### What to do
Should the word "imports" occur in a line of the records, copy that line.

[Collected data]
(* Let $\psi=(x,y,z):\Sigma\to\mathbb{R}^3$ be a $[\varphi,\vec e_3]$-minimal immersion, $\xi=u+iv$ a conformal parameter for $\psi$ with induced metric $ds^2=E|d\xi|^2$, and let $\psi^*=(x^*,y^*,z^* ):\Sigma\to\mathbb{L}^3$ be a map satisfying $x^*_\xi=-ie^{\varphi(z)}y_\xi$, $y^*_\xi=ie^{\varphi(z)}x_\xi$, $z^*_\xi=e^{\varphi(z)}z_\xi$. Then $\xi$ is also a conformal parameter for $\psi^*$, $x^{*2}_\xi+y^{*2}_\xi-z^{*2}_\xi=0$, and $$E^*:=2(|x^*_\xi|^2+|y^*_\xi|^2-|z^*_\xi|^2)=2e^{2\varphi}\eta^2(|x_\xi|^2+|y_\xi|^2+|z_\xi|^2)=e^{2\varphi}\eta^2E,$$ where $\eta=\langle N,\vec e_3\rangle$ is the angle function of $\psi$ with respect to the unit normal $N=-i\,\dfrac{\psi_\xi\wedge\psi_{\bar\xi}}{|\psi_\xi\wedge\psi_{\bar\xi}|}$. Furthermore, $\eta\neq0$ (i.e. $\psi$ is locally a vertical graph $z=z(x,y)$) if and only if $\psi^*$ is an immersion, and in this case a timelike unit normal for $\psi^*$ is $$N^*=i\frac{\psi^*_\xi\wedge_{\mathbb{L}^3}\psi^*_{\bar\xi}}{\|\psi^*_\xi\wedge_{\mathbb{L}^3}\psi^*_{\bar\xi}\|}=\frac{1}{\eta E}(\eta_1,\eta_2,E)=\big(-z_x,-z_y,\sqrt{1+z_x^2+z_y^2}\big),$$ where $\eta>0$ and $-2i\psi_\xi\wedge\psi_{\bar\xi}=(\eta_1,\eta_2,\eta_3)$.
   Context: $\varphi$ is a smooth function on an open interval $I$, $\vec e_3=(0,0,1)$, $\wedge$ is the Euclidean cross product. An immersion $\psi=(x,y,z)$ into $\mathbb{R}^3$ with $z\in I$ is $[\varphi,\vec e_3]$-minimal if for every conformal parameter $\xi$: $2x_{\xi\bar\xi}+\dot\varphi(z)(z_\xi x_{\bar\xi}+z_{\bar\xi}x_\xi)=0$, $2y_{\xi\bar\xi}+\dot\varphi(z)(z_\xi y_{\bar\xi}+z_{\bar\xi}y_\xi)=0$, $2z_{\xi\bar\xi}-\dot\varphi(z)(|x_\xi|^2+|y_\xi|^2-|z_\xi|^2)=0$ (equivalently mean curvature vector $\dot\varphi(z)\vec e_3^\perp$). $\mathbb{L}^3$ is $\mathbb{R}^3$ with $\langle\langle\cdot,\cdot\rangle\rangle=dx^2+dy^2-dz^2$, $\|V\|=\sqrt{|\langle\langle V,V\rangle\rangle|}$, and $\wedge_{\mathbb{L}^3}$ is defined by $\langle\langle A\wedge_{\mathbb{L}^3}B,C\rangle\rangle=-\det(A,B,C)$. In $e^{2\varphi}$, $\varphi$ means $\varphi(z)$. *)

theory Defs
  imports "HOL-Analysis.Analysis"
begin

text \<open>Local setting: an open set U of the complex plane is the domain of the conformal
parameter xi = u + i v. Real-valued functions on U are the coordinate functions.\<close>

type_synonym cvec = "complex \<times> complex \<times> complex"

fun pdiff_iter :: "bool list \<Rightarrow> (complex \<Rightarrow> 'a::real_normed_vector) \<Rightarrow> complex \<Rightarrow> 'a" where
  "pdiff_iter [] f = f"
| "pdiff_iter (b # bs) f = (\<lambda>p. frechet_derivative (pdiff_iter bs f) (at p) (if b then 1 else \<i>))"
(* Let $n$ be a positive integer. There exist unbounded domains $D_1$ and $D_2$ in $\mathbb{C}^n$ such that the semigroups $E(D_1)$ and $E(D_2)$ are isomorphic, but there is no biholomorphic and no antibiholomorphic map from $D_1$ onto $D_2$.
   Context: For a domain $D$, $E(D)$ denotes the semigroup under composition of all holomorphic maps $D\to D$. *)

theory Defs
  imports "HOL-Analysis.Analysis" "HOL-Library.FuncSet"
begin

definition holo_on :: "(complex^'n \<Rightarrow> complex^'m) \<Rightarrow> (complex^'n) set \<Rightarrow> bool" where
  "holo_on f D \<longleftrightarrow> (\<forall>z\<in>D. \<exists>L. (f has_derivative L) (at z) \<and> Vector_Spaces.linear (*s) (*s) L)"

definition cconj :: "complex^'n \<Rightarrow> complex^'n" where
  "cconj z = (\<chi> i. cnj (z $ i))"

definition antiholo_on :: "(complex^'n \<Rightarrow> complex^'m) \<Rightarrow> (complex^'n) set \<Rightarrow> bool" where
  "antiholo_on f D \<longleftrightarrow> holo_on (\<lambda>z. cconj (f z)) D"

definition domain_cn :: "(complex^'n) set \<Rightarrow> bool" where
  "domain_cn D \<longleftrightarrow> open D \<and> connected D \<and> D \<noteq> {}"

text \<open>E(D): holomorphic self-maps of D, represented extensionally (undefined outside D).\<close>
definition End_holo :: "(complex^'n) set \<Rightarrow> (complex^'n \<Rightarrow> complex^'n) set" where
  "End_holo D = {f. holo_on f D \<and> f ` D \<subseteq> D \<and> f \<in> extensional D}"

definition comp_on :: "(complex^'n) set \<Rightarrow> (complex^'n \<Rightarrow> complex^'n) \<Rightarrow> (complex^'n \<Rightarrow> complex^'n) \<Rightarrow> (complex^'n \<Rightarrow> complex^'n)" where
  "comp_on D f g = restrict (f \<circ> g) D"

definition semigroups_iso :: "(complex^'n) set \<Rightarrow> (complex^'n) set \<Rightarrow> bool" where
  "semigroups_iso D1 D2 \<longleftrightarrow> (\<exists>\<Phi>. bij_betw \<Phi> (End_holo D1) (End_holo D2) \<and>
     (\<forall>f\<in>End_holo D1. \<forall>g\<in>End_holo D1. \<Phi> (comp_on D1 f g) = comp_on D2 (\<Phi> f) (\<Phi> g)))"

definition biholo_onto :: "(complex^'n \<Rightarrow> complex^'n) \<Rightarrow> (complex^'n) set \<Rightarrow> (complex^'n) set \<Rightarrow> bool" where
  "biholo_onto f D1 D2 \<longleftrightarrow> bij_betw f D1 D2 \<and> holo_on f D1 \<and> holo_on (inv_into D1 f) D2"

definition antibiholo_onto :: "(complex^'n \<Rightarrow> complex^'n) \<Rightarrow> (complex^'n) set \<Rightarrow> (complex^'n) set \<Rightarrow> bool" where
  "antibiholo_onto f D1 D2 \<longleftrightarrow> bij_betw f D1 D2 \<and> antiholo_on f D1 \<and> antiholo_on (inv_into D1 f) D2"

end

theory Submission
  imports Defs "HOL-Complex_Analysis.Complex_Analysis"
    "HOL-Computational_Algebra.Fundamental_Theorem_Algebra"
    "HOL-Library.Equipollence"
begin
--
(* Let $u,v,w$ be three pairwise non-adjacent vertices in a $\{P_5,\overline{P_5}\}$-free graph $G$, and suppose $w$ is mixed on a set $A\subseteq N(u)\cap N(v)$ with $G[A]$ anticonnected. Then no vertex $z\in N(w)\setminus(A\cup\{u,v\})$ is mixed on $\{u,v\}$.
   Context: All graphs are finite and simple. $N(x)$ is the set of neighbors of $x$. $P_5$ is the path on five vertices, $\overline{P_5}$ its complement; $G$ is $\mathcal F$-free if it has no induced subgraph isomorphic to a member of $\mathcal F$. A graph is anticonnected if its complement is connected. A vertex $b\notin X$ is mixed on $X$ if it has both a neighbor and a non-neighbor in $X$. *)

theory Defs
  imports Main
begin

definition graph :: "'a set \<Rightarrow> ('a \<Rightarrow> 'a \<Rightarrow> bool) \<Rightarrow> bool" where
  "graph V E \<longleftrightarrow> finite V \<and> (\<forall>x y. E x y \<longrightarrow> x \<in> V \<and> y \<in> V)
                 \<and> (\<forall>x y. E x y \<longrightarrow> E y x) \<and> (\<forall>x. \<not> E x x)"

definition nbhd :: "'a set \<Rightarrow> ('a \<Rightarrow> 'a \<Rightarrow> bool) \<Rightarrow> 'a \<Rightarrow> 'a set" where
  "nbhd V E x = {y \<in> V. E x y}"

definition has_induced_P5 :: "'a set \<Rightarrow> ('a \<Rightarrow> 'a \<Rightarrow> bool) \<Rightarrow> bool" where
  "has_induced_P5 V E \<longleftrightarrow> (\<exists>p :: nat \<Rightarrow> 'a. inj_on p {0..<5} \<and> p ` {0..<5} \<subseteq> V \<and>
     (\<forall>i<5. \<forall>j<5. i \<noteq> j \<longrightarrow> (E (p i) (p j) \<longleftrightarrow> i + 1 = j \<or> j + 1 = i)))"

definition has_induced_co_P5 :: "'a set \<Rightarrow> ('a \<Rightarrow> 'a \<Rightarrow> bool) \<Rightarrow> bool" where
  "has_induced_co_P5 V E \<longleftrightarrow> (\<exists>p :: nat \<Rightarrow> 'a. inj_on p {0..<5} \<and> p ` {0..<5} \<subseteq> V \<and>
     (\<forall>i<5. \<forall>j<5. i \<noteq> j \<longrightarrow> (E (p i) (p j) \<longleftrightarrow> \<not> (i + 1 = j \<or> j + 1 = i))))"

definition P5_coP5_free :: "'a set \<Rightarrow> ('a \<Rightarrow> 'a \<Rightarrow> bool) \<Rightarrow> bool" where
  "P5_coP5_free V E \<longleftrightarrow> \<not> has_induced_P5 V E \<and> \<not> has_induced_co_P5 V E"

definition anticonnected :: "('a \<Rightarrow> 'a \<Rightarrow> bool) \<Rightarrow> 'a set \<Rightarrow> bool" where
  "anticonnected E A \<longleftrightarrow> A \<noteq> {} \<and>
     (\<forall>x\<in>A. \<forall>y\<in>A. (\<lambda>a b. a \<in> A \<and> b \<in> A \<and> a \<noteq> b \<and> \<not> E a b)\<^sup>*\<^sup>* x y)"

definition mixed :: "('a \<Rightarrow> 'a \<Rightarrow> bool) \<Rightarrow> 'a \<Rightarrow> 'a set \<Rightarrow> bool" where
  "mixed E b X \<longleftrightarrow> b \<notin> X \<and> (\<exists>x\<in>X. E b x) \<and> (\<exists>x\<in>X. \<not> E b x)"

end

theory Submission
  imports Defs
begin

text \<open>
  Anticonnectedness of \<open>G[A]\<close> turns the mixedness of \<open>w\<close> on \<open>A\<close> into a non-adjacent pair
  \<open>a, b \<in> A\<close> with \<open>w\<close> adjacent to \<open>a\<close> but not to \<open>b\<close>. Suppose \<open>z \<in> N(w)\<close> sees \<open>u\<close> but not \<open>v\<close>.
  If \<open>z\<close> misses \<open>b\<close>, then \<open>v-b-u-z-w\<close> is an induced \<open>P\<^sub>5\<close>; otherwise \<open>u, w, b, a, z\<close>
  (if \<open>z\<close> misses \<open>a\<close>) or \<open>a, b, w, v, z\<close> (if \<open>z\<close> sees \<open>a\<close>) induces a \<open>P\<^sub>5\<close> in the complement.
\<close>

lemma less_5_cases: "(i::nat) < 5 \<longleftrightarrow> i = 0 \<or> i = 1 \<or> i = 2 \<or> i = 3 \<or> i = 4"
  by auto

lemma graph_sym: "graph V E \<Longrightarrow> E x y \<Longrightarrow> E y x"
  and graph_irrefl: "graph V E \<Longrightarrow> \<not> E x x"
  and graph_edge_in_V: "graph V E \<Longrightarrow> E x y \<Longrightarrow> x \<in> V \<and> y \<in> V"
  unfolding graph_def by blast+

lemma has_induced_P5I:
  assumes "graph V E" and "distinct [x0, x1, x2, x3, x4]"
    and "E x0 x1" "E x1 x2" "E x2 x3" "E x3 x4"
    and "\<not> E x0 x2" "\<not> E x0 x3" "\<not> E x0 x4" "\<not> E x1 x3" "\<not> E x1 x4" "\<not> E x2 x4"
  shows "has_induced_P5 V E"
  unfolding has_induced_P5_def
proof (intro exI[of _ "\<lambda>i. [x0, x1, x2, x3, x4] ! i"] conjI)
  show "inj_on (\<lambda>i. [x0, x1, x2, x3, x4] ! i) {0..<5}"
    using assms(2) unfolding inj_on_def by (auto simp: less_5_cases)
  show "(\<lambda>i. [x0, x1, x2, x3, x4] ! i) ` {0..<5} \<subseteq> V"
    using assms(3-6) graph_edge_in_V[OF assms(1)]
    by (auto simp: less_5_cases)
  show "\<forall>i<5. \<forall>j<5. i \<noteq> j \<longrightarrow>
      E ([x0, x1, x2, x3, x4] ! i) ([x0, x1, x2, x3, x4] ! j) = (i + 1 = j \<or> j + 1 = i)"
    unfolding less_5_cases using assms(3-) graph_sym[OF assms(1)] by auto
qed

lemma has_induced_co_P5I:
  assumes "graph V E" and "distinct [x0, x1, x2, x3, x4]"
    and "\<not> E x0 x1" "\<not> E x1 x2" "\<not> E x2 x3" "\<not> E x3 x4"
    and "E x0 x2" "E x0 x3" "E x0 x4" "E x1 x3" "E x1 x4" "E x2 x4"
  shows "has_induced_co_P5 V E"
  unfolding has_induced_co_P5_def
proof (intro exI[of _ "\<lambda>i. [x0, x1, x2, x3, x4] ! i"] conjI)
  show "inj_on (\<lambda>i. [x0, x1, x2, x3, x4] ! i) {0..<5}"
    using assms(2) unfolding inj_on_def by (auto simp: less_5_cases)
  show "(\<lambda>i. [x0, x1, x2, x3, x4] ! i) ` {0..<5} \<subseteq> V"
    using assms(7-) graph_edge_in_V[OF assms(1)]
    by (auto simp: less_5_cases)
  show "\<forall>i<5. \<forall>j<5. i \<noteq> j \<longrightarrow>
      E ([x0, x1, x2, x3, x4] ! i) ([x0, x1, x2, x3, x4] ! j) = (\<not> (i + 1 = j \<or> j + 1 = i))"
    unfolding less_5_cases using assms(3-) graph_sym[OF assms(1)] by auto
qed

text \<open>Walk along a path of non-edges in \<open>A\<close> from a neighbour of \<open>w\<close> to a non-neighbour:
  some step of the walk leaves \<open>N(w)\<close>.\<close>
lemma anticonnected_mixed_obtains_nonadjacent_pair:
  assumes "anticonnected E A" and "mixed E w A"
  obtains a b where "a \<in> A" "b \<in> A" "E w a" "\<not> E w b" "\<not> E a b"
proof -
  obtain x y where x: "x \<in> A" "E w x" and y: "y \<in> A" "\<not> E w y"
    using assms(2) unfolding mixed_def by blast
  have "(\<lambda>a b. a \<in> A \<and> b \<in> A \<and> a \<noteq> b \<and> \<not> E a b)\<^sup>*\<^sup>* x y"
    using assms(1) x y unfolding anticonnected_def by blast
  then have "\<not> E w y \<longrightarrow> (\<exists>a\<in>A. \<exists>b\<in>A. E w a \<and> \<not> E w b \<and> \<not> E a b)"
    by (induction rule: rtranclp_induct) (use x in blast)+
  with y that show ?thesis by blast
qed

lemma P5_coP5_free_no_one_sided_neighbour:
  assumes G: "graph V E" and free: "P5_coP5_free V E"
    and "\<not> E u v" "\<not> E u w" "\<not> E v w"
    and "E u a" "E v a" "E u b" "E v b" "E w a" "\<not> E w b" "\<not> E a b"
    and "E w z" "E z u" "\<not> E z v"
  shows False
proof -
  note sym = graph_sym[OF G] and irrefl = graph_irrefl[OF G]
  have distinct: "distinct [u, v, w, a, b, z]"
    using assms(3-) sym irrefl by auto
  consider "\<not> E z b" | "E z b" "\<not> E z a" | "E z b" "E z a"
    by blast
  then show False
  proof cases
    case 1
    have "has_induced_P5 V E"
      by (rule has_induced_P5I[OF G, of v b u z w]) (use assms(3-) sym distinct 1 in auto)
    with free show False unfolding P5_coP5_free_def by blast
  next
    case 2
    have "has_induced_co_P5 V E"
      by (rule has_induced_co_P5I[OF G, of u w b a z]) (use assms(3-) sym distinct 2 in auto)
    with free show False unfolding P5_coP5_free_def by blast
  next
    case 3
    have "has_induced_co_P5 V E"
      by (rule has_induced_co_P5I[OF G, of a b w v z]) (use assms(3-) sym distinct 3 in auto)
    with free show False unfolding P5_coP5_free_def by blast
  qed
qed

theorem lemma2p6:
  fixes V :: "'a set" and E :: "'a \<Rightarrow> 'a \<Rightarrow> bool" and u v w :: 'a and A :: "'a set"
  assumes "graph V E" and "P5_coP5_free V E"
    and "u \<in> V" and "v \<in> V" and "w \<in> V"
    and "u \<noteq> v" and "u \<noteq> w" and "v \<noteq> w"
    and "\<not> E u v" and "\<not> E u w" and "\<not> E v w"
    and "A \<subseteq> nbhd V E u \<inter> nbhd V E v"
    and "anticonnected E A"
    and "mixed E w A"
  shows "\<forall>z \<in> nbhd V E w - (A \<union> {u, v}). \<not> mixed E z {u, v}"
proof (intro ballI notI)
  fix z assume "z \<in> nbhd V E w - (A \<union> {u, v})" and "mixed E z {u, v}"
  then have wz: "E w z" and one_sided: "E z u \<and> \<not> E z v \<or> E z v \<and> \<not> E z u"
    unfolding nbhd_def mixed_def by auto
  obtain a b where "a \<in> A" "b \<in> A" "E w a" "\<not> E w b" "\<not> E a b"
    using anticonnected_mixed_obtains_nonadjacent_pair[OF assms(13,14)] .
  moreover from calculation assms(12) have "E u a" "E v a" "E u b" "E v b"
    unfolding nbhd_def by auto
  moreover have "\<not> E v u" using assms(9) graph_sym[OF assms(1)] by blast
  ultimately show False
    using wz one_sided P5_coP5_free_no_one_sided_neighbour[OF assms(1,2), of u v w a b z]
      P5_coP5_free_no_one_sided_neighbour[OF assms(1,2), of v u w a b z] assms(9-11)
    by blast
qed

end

### Answer space
  imports "HOL-Analysis.Analysis"
  imports "HOL-Analysis.Analysis" "HOL-Library.FuncSet"
  imports Defs "HOL-Complex_Analysis.Complex_Analysis"
  imports Main
  imports Defs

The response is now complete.